Improve SpinBox interaction, split arrows, add theme attributes
Discussion here: https://github.com/godotengine/godot-proposals/discussions/9260
This improves the usability & styleability of the SpinBox control.
- Separate up and down buttons, each one having its own icon
- Interaction feedback when hovered, pressed and disabled arrow buttons
- When the value is at the extremity of the allowed range, one of the arrows is disabled
- Stylable arrow buttons & icons, separators, configurable minimum buttons width & spacing with the edit field. Each button support different styles, different backgrounds, icons & tinting (modulate) colors can be set for each interaction state
- The embedded LineEdit receives a theme variation name so that it is easy to style it a different way from the regular LineEdit using a global theme
Care is taken not to break the default theme & existing projects that depend on it.
- Slightly larger default width of the arrow buttons, enough to have a better usability with the mouse without risking breaking themes too much
- The single icon for both arrows is still supported; an empty icon is supplied for it in the proposed default theme change
- The behaviour to size the buttons width according to the button icons always works, although it is now possible to disable it in the theme properties.
With some styling, what is possible. This resembles what I want to achieve in my project:
Big buttons for touch screens
Another possible minimal look with the new separator theme option
Live in Godot in the color selector
Actually, there are two different widgets that render this UI element. The second one is a specialized cell of Tree, and seems to be used inside the inspector and project / editor options to set the various values. This PR only addresses the SpinBox standalone control. To see the result on Godot itself, use the color selector popup anywhere.
Perhaps updown could be deprecated.
All of these are straight upgrades but I'm just ever so slightly concerned by how many theme items have been added by this single PR
IMO This amount of configurability should be the rule for Godot's interactive GUI, not the exception.

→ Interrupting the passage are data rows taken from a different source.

lemma nf_rel_plug_pure:
  assumes Q: "\<And>w. Q (plug GA w) (plug GB w)" "\<And>t. Q t t" and pure: "pure GA" "pure GB"
    and u: "irreducible u" "\<not> is_val u"
  shows "nf_rel Q (plug GA u) (plug GB u)"
  using irreducible_cases[OF u(1)]
proof (elim disjE exE conjE)
  assume "is_val u" then show ?thesis using u by simp
next
  fix F s assume "pure F" "u = plug F (Sft s)"
  then show ?thesis unfolding nf_rel_def
    by (intro disjI2 disjI1 exI[of _ "ccomp GA F"] exI[of _ "ccomp GB F"] exI[of _ s])
      (use pure ctx_rel_ccomp[OF Q pure] pure_imp_evctx Q in auto)
next
  fix E x v assume "evctx E" "is_val v" "u = plug E (App (Var x) v)"
  then show ?thesis unfolding nf_rel_def
    by (intro disjI2 exI[of _ "ccomp GA E"] exI[of _ "ccomp GB E"] exI[of _ x] exI[of _ v])
      (use pure ctx_rel_ccomp[OF Q pure] pure_imp_evctx val_rel_refl Q in auto)
qed

lemma nf_rel_refl:
  assumes "\<And>t. Q t t" "irreducible a"
  shows "nf_rel Q a a"
proof (cases "is_val a")
  case True
  then show ?thesis unfolding nf_rel_def using val_rel_refl assms(1) by blast
next
  case False
  then show ?thesis using nf_rel_plug_pure[of Q Hole Hole a] assms by simp
qed

subsection \<open>Bisimulations generated by pairs of pure contexts\<close>

definition converge_on_values :: "ctx \<Rightarrow> ctx \<Rightarrow> bool" where
  "converge_on_values GA GB \<longleftrightarrow> (\<forall>v. is_val v \<longrightarrow>
     (\<exists>c. (\<forall>w. step (plug GA v) w \<longleftrightarrow> w = c) \<and> (\<forall>w. step (plug GB v) w \<longleftrightarrow> w = c)))"

definition ctx_pair_closure :: "(ctx \<Rightarrow> ctx \<Rightarrow> bool) \<Rightarrow> trm \<Rightarrow> trm \<Rightarrow> bool" where
  "ctx_pair_closure P a b \<longleftrightarrow> a = b \<or> (\<exists>GA GB u. P GA GB \<and> a = plug GA u \<and> b = plug GB u)"

lemma converge_on_values_sym: "converge_on_values GA GB \<Longrightarrow> converge_on_values GB GA"
  unfolding converge_on_values_def by blast

lemma ctx_pair_closure_conversep:
  "(ctx_pair_closure P)\<inverse>\<inverse> = ctx_pair_closure P\<inverse>\<inverse>"
  unfolding ctx_pair_closure_def by (auto simp: fun_eq_iff)

lemma eval_ctx_pair:
  assumes P: "\<And>GA GB. P GA GB \<Longrightarrow> pure GA \<and> pure GB \<and> converge_on_values GA GB"
    and GAB: "P GA GB" and steps: "step\<^sup>*\<^sup>* (plug GA u) a'" and irr: "irreducible a'"
  shows "\<exists>b'. eval (plug GB u) b' \<and> nf_rel (ctx_pair_closure P) a' b'"
proof -
  let ?Q = "ctx_pair_closure P"
  have Q: "\<And>w. ?Q (plug GA w) (plug GB w)" "\<And>t. ?Q t t"
    using GAB unfolding ctx_pair_closure_def by blast+
  have pure: "pure GA" "pure GB" and conv: "converge_on_values GA GB"
    using P[OF GAB] by auto
  show ?thesis using steps
  proof (induct "plug GA u" arbitrary: u rule: converse_rtranclp_induct)
    case base
    show ?case
    proof (cases "is_val u")
      case True
      then obtain c where "\<forall>w. step (plug GA u) w \<longleftrightarrow> w = c"
        using conv unfolding converge_on_values_def by blast
      then have "step (plug GA u) c" by blast
      then show ?thesis using base irr unfolding irreducible_def by blast
    next
      case False
      have "irreducible u" "irreducible (plug GB u)"
        using irreducible_plug_pure_iff[OF _ False] pure irr base by simp_all
      moreover have "nf_rel ?Q a' (plug GB u)"
        using nf_rel_plug_pure[OF Q pure \<open>irreducible u\<close> False] base by simp
      ultimately show ?thesis unfolding eval_iff by blast
    qed
  next
    case (step z u)
    show ?case
    proof (cases "is_val u")
      case True
      then obtain c where "\<forall>w. step (plug GA u) w \<longleftrightarrow> w = c" "\<forall>w. step (plug GB u) w \<longleftrightarrow> w = c"
        using conv unfolding converge_on_values_def by blast
      then have "step (plug GB u) z" using step(1) by blast
      then have "step\<^sup>*\<^sup>* (plug GB u) a'"
        using step(2) by (rule converse_rtranclp_into_rtranclp)
      then show ?thesis using irr nf_rel_refl[where Q = ?Q, OF Q(2) irr] unfolding eval_iff by blast
    next
      case False
      then obtain u' where u': "step u u'" "z = plug GA u'"
        using step_plug_pure_nonval step(1) pure by blast
      then obtain b' where "eval (plug GB u') b'" "nf_rel ?Q a' b'"
        using step(3) by blast
      moreover have "step (plug GB u) (plug GB u')"
        using step_plug_evctx[OF u'(1)] pure pure_imp_evctx by blast
      ultimately show ?thesis unfolding eval_def by (meson converse_rtranclp_into_rtranclp)
    qed
  qed
qed
lemma measure_thin_pmf:
  assumes s: "0 \<le> s" "s \<le> 1"
  shows "measure (thin_pmf k s) S = thin_prob {w::'a::finite list. length w = k} s (\<lambda>Y. Y \<in> S)"
proof -
  let ?L = "{w::'a list. length w = k}"
  have "S \<inter> set_pmf (thin_pmf k s) = (S \<inter> Pow ?L) \<inter> set_pmf (thin_pmf k s)"
    using set_thin_pmf by blast
  then have "measure (thin_pmf k s) S = measure (thin_pmf k s) (S \<inter> Pow ?L)"
    by (metis measure_Int_set_pmf)
  also have "\<dots> = (\<Sum>Y\<in>S \<inter> Pow ?L. pmf (thin_pmf k s) Y)"
    by (rule measure_measure_pmf_finite) (simp add: finite_words_length)
  also have "\<dots> = (\<Sum>Y\<in>S \<inter> Pow ?L. thin_weight ?L s Y)"
    by (rule sum.cong) (auto simp: pmf_thin_pmf[OF s])
  also have "\<dots> = thin_prob ?L s (\<lambda>Y. Y \<in> S)"
    unfolding thin_prob_def Int_commute[of S] by (simp add: sum.inter_restrict finite_words_length)
  finally show ?thesis .
qed

lemma measure_thin_pmf_mono:
  assumes "\<And>Y Y'. Y' \<subseteq> Y \<Longrightarrow> Y \<in> S \<Longrightarrow> Y' \<in> S" and st: "0 \<le> s" "s \<le> t" "t \<le> 1"
  shows "measure (thin_pmf k s) S \<le> measure (thin_pmf k t) (S :: ('a::finite) list set set)"
proof -
  have "thin_prob {w. length w = k} s (\<lambda>Y. Y \<in> S) \<le> thin_prob {w. length w = k} t (\<lambda>Y. Y \<in> S)"
    using assms by (intro thin_prob_mono finite_words_length) blast+
  then show ?thesis
    using st by (simp add: measure_thin_pmf)
qed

It's moreso the fact that some are not even utilized by the editor itself, which I feel like should be the main point of reference to base all of this customization from. For example, the field_and_buttons_separator and up_down_buttons_separator styleboxes. If needed these can also be achieved with a draw_style_box method call.

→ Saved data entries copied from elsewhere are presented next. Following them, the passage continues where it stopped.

(* Let $m,k\in\mathbb{N}$ and let $\gamma\in\mathbb{C}$ with $\gamma,\ 1-2m-\gamma\notin\mathbb{Z}_0^-$. Then \[ {}_3F_2\left[\begin{array}{r} -2m,\ 1+k,\ \gamma;\\ -2m-k,\ 1-2m-\gamma;\end{array}1\right]_{2m}=\frac{(1+k)_{m}(\gamma)_{m}2^{2m}\left(\frac{1}{2}\right)_m(1+k+\gamma)_{2m}}{(1+k)_{2m}(\gamma)_{2m}(1+k+\gamma)_{m}}. \]
   Context: $\mathbb{N}=\{1,2,3,\dots\}$, $\mathbb{Z}_0^-=\{0,-1,-2,\dots\}$. For $a\in\mathbb{C}$ and $n\in\mathbb{N}_0$, $(a)_0=1$ and $(a)_n=a(a+1)\cdots(a+n-1)$. For $N\in\mathbb{N}_0$, ${}_3F_2\left[\begin{array}{r} a_1,a_2,a_3;\\ b_1,b_2;\end{array}z\right]_N=\sum_{n=0}^{N}\frac{(a_1)_n(a_2)_n(a_3)_n}{(b_1)_n(b_2)_n}\frac{z^n}{n!}$ (the sum of the first $N+1$ terms), defined whenever $(b_1)_n(b_2)_n\neq0$ for $0\le n\le N$. *)

theory Defs
  imports "HOL-Analysis.Analysis"
begin

definition hyp3F2_trunc ::
  "complex \<Rightarrow> complex \<Rightarrow> complex \<Rightarrow> complex \<Rightarrow> complex \<Rightarrow> complex \<Rightarrow> nat \<Rightarrow> complex" where
  "hyp3F2_trunc a1 a2 a3 b1 b2 z N =
     (\<Sum>n\<le>N. pochhammer a1 n * pochhammer a2 n * pochhammer a3 n /
              (pochhammer b1 n * pochhammer b2 n) * z ^ n / of_nat (fact n))"

end

theory Submission
  imports Defs
begin

text \<open>
  The left-hand side is the terminating well-poised (Dixon) series
  3F2[-2m, b, c; 1-2m-b, 1-2m-c; 1] with b = 1+k and c = \<gamma>, evaluated by Zeilberger's creative
  telescoping. Let F(m,n) be its terms and \<rho>(m) the ratio of consecutive right-hand sides. A rational
  certificate R gives F(m+1,n) - \<rho>(m) F(m,n) = G(n+1) - G(n) with G(n) = F(m+1,n) R(m,n).
  Summing over n < 2m+2, where F(m,2m+1) = 0, G(0) = 0 and G(2m+2) = -F(m+1,2m+2), shows that the
  sums obey the recurrence S(m+1) = \<rho>(m) S(m) of the right-hand side, and both are 1 at m = 0.
  All denominators stay nonzero as long as b and c are not integers at most 1 and b + c is not an
  integer at most 0, which is what the hypotheses provide.
\<close>

definition hyp3F2_term :: "'a::field_char_0 \<Rightarrow> 'a \<Rightarrow> 'a \<Rightarrow> 'a \<Rightarrow> 'a \<Rightarrow> nat \<Rightarrow> 'a" where
  "hyp3F2_term a1 a2 a3 b1 b2 n =
     pochhammer a1 n * pochhammer a2 n * pochhammer a3 n / (pochhammer b1 n * pochhammer b2 n * fact n)"

lemma hyp3F2_trunc_at_1:
  "hyp3F2_trunc a1 a2 a3 b1 b2 1 N = (\<Sum>n\<le>N. hyp3F2_term a1 a2 a3 b1 b2 n)"
  by (simp add: hyp3F2_trunc_def hyp3F2_term_def)

lemma hyp3F2_term_Suc:
  "hyp3F2_term a1 a2 a3 b1 b2 (Suc n) = hyp3F2_term a1 a2 a3 b1 b2 n *
     ((a1 + of_nat n) * (a2 + of_nat n) * (a3 + of_nat n) /
      ((b1 + of_nat n) * (b2 + of_nat n) * (of_nat n + 1)))"
  unfolding hyp3F2_term_def pochhammer_Suc fact_Suc times_divide_times_eq
  by (simp add: ac_simps)

lemma pochhammer_shift_by_two:
  "pochhammer a n * ((a + of_nat n) * (a + of_nat n + 1)) = a * (a + 1) * pochhammer (a + 2) n"
proof -
  have "pochhammer a (Suc (Suc n)) = pochhammer a n * ((a + of_nat n) * (a + of_nat n + 1))"
    by (simp add: pochhammer_Suc algebra_simps)
  moreover have "pochhammer a (Suc (Suc n)) = a * (a + 1) * pochhammer (a + 2) n"
    by (simp add: pochhammer_rec add.assoc mult.assoc)
  ultimately show ?thesis by simp
qed

lemma of_nat_add_1_neq_0: "of_nat n + 1 \<noteq> (0 :: 'a::semiring_char_0)"
  using of_nat_neq_0[of n] by (simp add: add.commute)

lemma add_of_int_neq_0:
  fixes x :: "'a::ring_1"
  assumes "x - 1 \<notin> \<int>\<^sub>\<le>\<^sub>0" and "-1 \<le> j"
  shows "x + of_int j \<noteq> 0"
proof
  assume "x + of_int j = 0"
  then have "x - 1 = of_int (- j - 1)"
    by (simp add: eq_neg_iff_add_eq_0[symmetric])
  moreover have "of_int (- j - 1) \<in> (\<int>\<^sub>\<le>\<^sub>0 :: 'a set)"
    using assms(2) by (intro nonpos_Ints_of_int) simp
  ultimately show False
    using assms(1) by simp
qed

lemma plus_of_nat_notin_nonpos_Ints:
  fixes x :: "'a::ring_1"
  assumes "x \<notin> \<int>\<^sub>\<le>\<^sub>0"
  shows "x + of_nat n \<notin> \<int>\<^sub>\<le>\<^sub>0"
  using nonpos_Ints_diff_Nats[of "x + of_nat n" "of_nat n"] assms by auto

lemma diff_one_notin_nonpos_Ints:
  fixes x :: "'a::ring_1"
  assumes "x \<notin> \<int>\<^sub>\<le>\<^sub>0" and "1 - of_nat n - x \<notin> \<int>\<^sub>\<le>\<^sub>0"
  shows "x - 1 \<notin> \<int>\<^sub>\<le>\<^sub>0"
proof
  assume "x - 1 \<in> \<int>\<^sub>\<le>\<^sub>0"
  then obtain j where j: "x - 1 = - of_nat j"
    by (auto elim!: nonpos_Ints_cases')
  show False
  proof (cases j)
    case 0
    then have "1 - of_nat n - x = - of_nat n"
      using j by simp
    with assms(2) show False by simp
  next
    case (Suc i)
    then have "x = - of_nat i"
      using j by (simp add: eq_neg_iff_add_eq_0 algebra_simps)
    with assms(1) show False by simp
  qed
qed

definition dixon_term :: "'a::field_char_0 \<Rightarrow> 'a \<Rightarrow> nat \<Rightarrow> nat \<Rightarrow> 'a" where
  "dixon_term b c m n =
     hyp3F2_term (- 2 * of_nat m) b c (1 - 2 * of_nat m - b) (1 - 2 * of_nat m - c) n"

definition dixon_sum :: "'a::field_char_0 \<Rightarrow> 'a \<Rightarrow> nat \<Rightarrow> 'a" where
  "dixon_sum b c m = (\<Sum>n\<le>2 * m. dixon_term b c m n)"

definition dixon_closed_form :: "'a::field_char_0 \<Rightarrow> 'a \<Rightarrow> nat \<Rightarrow> 'a" where
  "dixon_closed_form b c m =
     pochhammer b m * pochhammer c m * 2 ^ (2 * m) * pochhammer (1 / 2) m * pochhammer (b + c) (2 * m)
     / (pochhammer b (2 * m) * pochhammer c (2 * m) * pochhammer (b + c) m)"

definition dixon_ratio :: "'a::field_char_0 \<Rightarrow> 'a \<Rightarrow> 'a \<Rightarrow> 'a" where
  "dixon_ratio b c M =
     (b + M) * (c + M) * (2 * (2 * M + 1)) * (b + c + 2 * M) * (b + c + 2 * M + 1)
     / ((b + 2 * M) * (b + 2 * M + 1) * (c + 2 * M) * (c + 2 * M + 1) * (b + c + M))"

lemma dixon_closed_form_Suc:
  "dixon_closed_form b c (Suc m) = dixon_ratio b c (of_nat m) * dixon_closed_form b c m"
proof -
  define M :: 'a where "M = of_nat m"
  have Suc_m: "pochhammer x (Suc m) = pochhammer x m * (x + M)" for x :: 'a
    by (simp add: pochhammer_Suc M_def)
  have double_Suc_m: "pochhammer x (2 * Suc m) = pochhammer x (2 * m) * ((x + 2 * M) * (x + 2 * M + 1))" for x :: 'a
    by (simp add: pochhammer_Suc M_def algebra_simps)
  have power_double_Suc_m: "(2 :: 'a) ^ (2 * Suc m) = 2 ^ (2 * m) * 4"
    by simp
  have "dixon_closed_form b c (Suc m) = dixon_closed_form b c m *
     ((b + M) * (c + M) * (4 * (1 / 2 + M)) * ((b + c + 2 * M) * (b + c + 2 * M + 1))
      / (((b + 2 * M) * (b + 2 * M + 1)) * ((c + 2 * M) * (c + 2 * M + 1)) * (b + c + M)))"
    unfolding dixon_closed_form_def Suc_m double_Suc_m power_double_Suc_m
    by (simp only: times_divide_times_eq mult_ac)
  also have "4 * (1 / 2 + M) = 2 * (2 * M + 1)"
    by (simp add: algebra_simps)
  finally show ?thesis
    by (simp add: dixon_ratio_def M_def mult_ac)
qed

text \<open>The rational certificate found by Zeilberger's algorithm for \<open>dixon_sum\<close>.\<close>

definition dixon_cert_poly :: "'a::idom \<Rightarrow> 'a \<Rightarrow> 'a \<Rightarrow> 'a \<Rightarrow> 'a" where
  "dixon_cert_poly b c M N =
     (M + 1) * N * (N - 6 * M - 2 * b - 2 * c - 3)
     + (b + c + 2 * M + 1) * (b + c + 4 * M ^ 2 + 7 * M + 2) - b * c * (b + c + M)"

definition dixon_certificate :: "'a::field_char_0 \<Rightarrow> 'a \<Rightarrow> 'a \<Rightarrow> 'a \<Rightarrow> 'a" where
  "dixon_certificate b c M N =
     N * dixon_cert_poly b c M N / (2 * (M + 1) * (b + c + M) * (b + 2 * M + 1 - N) * (c + 2 * M + 1 - N))"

Okay, that's a fair point... I disagree about basing GUI customization off of the Godot editor, but I agree that these two theme items may be a bit overkill.
The configurability seems a little verbose, I agree. IMHO this is not a problem to have multiple theme attributes. They remain hidden in their own submenu when you do not actively edit those and drawing performance is not affected.

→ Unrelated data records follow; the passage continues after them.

(* If a nested sequent $\Gamma$ is derivable in $\mathsf{N.IntCK}\cup\{\mathsf{cut}\}$, then $\Gamma$ is derivable in $\mathsf{N.IntCK}$.
   Context: Language $\mathcal{L}$: formulas $\varphi ::= p \mid \bot \mid \varphi\wedge\varphi \mid \varphi\vee\varphi \mid \varphi\to\varphi \mid \varphi \mathrel{\Box\!\!\to} \varphi \mid \varphi \mathrel{\Diamond\!\!\to}\varphi$. Nested sequents: each formula $\varphi$ gets an input polarity $\varphi^\bullet$ or output polarity $\varphi^\circ$. Input sequents $\Lambda ::= \emptyset \mid \Lambda,\varphi^\bullet \mid \Lambda,[\psi:\Lambda]$ and nested sequents $\Gamma ::= \Lambda,\varphi^\circ \mid \Lambda,[\psi:\Gamma]$, where the index $\psi$ of a component $[\psi:\cdot]$ is an unpolarised formula; a nested sequent contains exactly one output formula (commas are associative and commutative). A context $\Gamma\{\ \}$ is a sequent with one hole $\{\ \}$ (possibly inside nested components), to be filled with a sequent; rules are applied only when premisses and conclusion are nested sequents. $\Gamma^{\downarrow}\{\ \}$ denotes $\Gamma\{\ \}$ with its output formula removed. Rules of $\mathsf{N.IntCK}$ (premisses / conclusion): init: $\Gamma\{p^\bullet,p^\circ\}$ ($p$ atom, no premiss); $\bot^\bullet$: $\Gamma\{\bot^\bullet\}$ (no premiss); $\wedge^\bullet$: $\Gamma\{\varphi^\bullet,\psi^\bullet\}$ / $\Gamma\{(\varphi\wedge\psi)^\bullet\}$; $\wedge^\circ$: $\Gamma\{\varphi^\circ\}$, $\Gamma\{\psi^\circ\}$ / $\Gamma\{(\varphi\wedge\psi)^\circ\}$; $\vee^\bullet$: $\Gamma\{\varphi^\bullet\}$, $\Gamma\{\psi^\bullet\}$ / $\Gamma\{(\varphi\vee\psi)^\bullet\}$; $\vee^\circ$: $\Gamma\{\varphi^\circ\}$ / $\Gamma\{(\varphi\vee\psi)^\circ\}$ and $\Gamma\{\psi^\circ\}$ / $\Gamma\{(\varphi\vee\psi)^\circ\}$; $\to^\bullet$: $\Gamma^\downarrow\{(\varphi\to\psi)^\bullet,\varphi^\circ\}$, $\Gamma\{\psi^\bullet\}$ / $\Gamma\{(\varphi\to\psi)^\bullet\}$; $\to^\circ$: $\Gamma\{\varphi^\bullet,\psi^\circ\}$ / $\Gamma\{(\varphi\to\psi)^\circ\}$; $\Box^\bullet$: $\varphi^\bullet,\eta^\circ$ and $\eta^\bullet,\varphi^\circ$ and $\Gamma\{(\varphi\mathrel{\Box\!\!\to}\psi)^\bullet,[\eta:\psi^\bullet,\Delta]\}$ / $\Gamma\{(\varphi\mathrel{\Box\!\!\to}\psi)^\bullet,[\eta:\Delta]\}$; $\Box^\circ$: $\Gamma\{[\varphi:\psi^\circ]\}$ / $\Gamma\{(\varphi\mathrel{\Box\!\!\to}\psi)^\circ\}$; $\Diamond^\bullet$: $\Gamma\{[\varphi:\psi^\bullet]\}$ / $\Gamma\{(\varphi\mathrel{\Diamond\!\!\to}\psi)^\bullet\}$; $\Diamond^\circ$: $\varphi^\bullet,\eta^\circ$ and $\eta^\bullet,\varphi^\circ$ and $\Gamma\{[\eta:\psi^\circ,\Delta]\}$ / $\Gamma\{(\varphi\mathrel{\Diamond\!\!\to}\psi)^\circ,[\eta:\Delta]\}$. A derivation is a finite tree of rule instances whose leaves are instances of init or $\bot^\bullet$. The cut rule $\mathsf{cut}$: from premisses $\Gamma^{\downarrow}\{\xi^\circ\}$ and $\Gamma\{\xi^\bullet\}$ infer $\Gamma\{\emptyset\}$ (the hole filled with the empty sequent), for any formula $\xi$ and context $\Gamma\{\ \}$ for which these are nested sequents. *)

theory Defs
  imports Main "HOL-Library.Multiset"
begin

datatype 'a fm =
    Atom 'a
  | Bot
  | Conj "'a fm" "'a fm"
  | Disj "'a fm" "'a fm"
  | Imp "'a fm" "'a fm"
  | BoxArr "'a fm" "'a fm"
  | DiaArr "'a fm" "'a fm"

text \<open>A (possibly ill-formed) sequent is a multiset of items; commas are thereby
associative and commutative.  An item is an input formula, an output formula,
or a component [psi : S] with unpolarised index psi.\<close>

datatype 'a item =
    In "'a fm"
  | Out "'a fm"
  | Comp "'a fm" "'a item multiset"

type_synonym 'a seq = "'a item multiset"

primrec outs_item :: "'a item \<Rightarrow> nat" where
  "outs_item (In \<phi>) = 0"
| "outs_item (Out \<phi>) = 1"
| "outs_item (Comp \<psi> S) = sum_mset (image_mset outs_item S)"

definition outs :: "'a seq \<Rightarrow> nat" where
  "outs S = sum_mset (image_mset outs_item S)"

text \<open>By the grammar, a nested sequent is exactly a sequent containing exactly one
output formula (input sequents are those with none).\<close>
definition is_nested :: "'a seq \<Rightarrow> bool" where
  "is_nested S \<longleftrightarrow> outs S = 1"

fun is_out :: "'a item \<Rightarrow> bool" where
  "is_out (Out \<phi>) = True"
| "is_out _ = False"

primrec strip_item :: "'a item \<Rightarrow> 'a item" where
  "strip_item (In \<phi>) = In \<phi>"
| "strip_item (Out \<phi>) = Out \<phi>"
| "strip_item (Comp \<psi> S) = Comp \<psi> (filter_mset (\<lambda>x. \<not> is_out x) (image_mset strip_item S))"

definition strip :: "'a seq \<Rightarrow> 'a seq" where
  "strip S = filter_mset (\<lambda>x. \<not> is_out x) (image_mset strip_item S)"

text \<open>A context is a sequent with exactly one hole, possibly inside nested
components: either  Delta, {}  or  Delta, [psi : C].\<close>
datatype 'a ctx =
    Top "'a seq"
  | Nest "'a seq" "'a fm" "'a ctx"

primrec fill :: "'a ctx \<Rightarrow> 'a seq \<Rightarrow> 'a seq" where
  "fill (Top \<Delta>) X = \<Delta> + X"
| "fill (Nest \<Delta> \<psi> C) X = \<Delta> + {# Comp \<psi> (fill C X) #}"

primrec down :: "'a ctx \<Rightarrow> 'a ctx" where
  "down (Top \<Delta>) = Top (strip \<Delta>)"
| "down (Nest \<Delta> \<psi> C) = Nest (strip \<Delta>) \<psi> (down C)"

text \<open>derivable c S: S is derivable in N.IntCK, plus the cut rule if c = True.
Every rule instance requires premisses and conclusion to be nested sequents.\<close>

inductive derivable :: "bool \<Rightarrow> 'a seq \<Rightarrow> bool" for c :: bool where
  init:
    "is_nested (fill G {# In (Atom p), Out (Atom p) #})
     \<Longrightarrow> derivable c (fill G {# In (Atom p), Out (Atom p) #})"
| botL:
    "is_nested (fill G {# In Bot #}) \<Longrightarrow> derivable c (fill G {# In Bot #})"
| conjL:
    "\<lbrakk> derivable c (fill G {# In \<phi>, In \<psi> #});
       is_nested (fill G {# In \<phi>, In \<psi> #});
       is_nested (fill G {# In (Conj \<phi> \<psi>) #}) \<rbrakk>
     \<Longrightarrow> derivable c (fill G {# In (Conj \<phi> \<psi>) #})"
| conjR:
    "\<lbrakk> derivable c (fill G {# Out \<phi> #}); derivable c (fill G {# Out \<psi> #});
       is_nested (fill G {# Out \<phi> #}); is_nested (fill G {# Out \<psi> #});
       is_nested (fill G {# Out (Conj \<phi> \<psi>) #}) \<rbrakk>
     \<Longrightarrow> derivable c (fill G {# Out (Conj \<phi> \<psi>) #})"
| disjL:
    "\<lbrakk> derivable c (fill G {# In \<phi> #}); derivable c (fill G {# In \<psi> #});
       is_nested (fill G {# In \<phi> #}); is_nested (fill G {# In \<psi> #});
       is_nested (fill G {# In (Disj \<phi> \<psi>) #}) \<rbrakk>
     \<Longrightarrow> derivable c (fill G {# In (Disj \<phi> \<psi>) #})"
| disjR1:
    "\<lbrakk> derivable c (fill G {# Out \<phi> #});
       is_nested (fill G {# Out \<phi> #});
       is_nested (fill G {# Out (Disj \<phi> \<psi>) #}) \<rbrakk>
     \<Longrightarrow> derivable c (fill G {# Out (Disj \<phi> \<psi>) #})"
| disjR2:
    "\<lbrakk> derivable c (fill G {# Out \<psi> #});
       is_nested (fill G {# Out \<psi> #});
       is_nested (fill G {# Out (Disj \<phi> \<psi>) #}) \<rbrakk>
     \<Longrightarrow> derivable c (fill G {# Out (Disj \<phi> \<psi>) #})"
| impL:
    "\<lbrakk> derivable c (fill (down G) {# In (Imp \<phi> \<psi>), Out \<phi> #});
       derivable c (fill G {# In \<psi> #});
       is_nested (fill (down G) {# In (Imp \<phi> \<psi>), Out \<phi> #});
       is_nested (fill G {# In \<psi> #});
       is_nested (fill G {# In (Imp \<phi> \<psi>) #}) \<rbrakk>
     \<Longrightarrow> derivable c (fill G {# In (Imp \<phi> \<psi>) #})"
| impR:
    "\<lbrakk> derivable c (fill G {# In \<phi>, Out \<psi> #});
       is_nested (fill G {# In \<phi>, Out \<psi> #});
       is_nested (fill G {# Out (Imp \<phi> \<psi>) #}) \<rbrakk>
     \<Longrightarrow> derivable c (fill G {# Out (Imp \<phi> \<psi>) #})"
| boxL:
    "\<lbrakk> derivable c {# In \<phi>, Out \<eta> #}; derivable c {# In \<eta>, Out \<phi> #};
       derivable c (fill G {# In (BoxArr \<phi> \<psi>), Comp \<eta> ({# In \<psi> #} + \<Delta>) #});
       is_nested (fill G {# In (BoxArr \<phi> \<psi>), Comp \<eta> ({# In \<psi> #} + \<Delta>) #});
       is_nested (fill G {# In (BoxArr \<phi> \<psi>), Comp \<eta> \<Delta> #}) \<rbrakk>
     \<Longrightarrow> derivable c (fill G {# In (BoxArr \<phi> \<psi>), Comp \<eta> \<Delta> #})"
| boxR:
    "\<lbrakk> derivable c (fill G {# Comp \<phi> {# Out \<psi> #} #});
       is_nested (fill G {# Comp \<phi> {# Out \<psi> #} #});
       is_nested (fill G {# Out (BoxArr \<phi> \<psi>) #}) \<rbrakk>
     \<Longrightarrow> derivable c (fill G {# Out (BoxArr \<phi> \<psi>) #})"
| diaL:
    "\<lbrakk> derivable c (fill G {# Comp \<phi> {# In \<psi> #} #});
       is_nested (fill G {# Comp \<phi> {# In \<psi> #} #});
       is_nested (fill G {# In (DiaArr \<phi> \<psi>) #}) \<rbrakk>
     \<Longrightarrow> derivable c (fill G {# In (DiaArr \<phi> \<psi>) #})"
| diaR:
    "\<lbrakk> derivable c {# In \<phi>, Out \<eta> #}; derivable c {# In \<eta>, Out \<phi> #};
       derivable c (fill G {# Comp \<eta> ({# Out \<psi> #} + \<Delta>) #});
       is_nested (fill G {# Comp \<eta> ({# Out \<psi> #} + \<Delta>) #});
       is_nested (fill G {# Out (DiaArr \<phi> \<psi>), Comp \<eta> \<Delta> #}) \<rbrakk>
     \<Longrightarrow> derivable c (fill G {# Out (DiaArr \<phi> \<psi>), Comp \<eta> \<Delta> #})"
| cut:
    "\<lbrakk> c; derivable c (fill (down G) {# Out \<xi> #}); derivable c (fill G {# In \<xi> #});
       is_nested (fill (down G) {# Out \<xi> #}); is_nested (fill G {# In \<xi> #});
       is_nested (fill G {#}) \<rbrakk>
     \<Longrightarrow> derivable c (fill G {#})"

Let's not forget that Godot came from being a Nintendo DS game authoring tool AFAIK. There has been a long way since. I am proposing update to core widgets to add proper support for interaction feedback; the thing that gives that snappy feeling and improves usability.
The pattern to set styles for normal/hover/pressed/disabled/etc... states of a given customizable resource is pretty common to ensure customization of interaction feedback. Those multiple combinations of states and resources make up the large number of theme resources added.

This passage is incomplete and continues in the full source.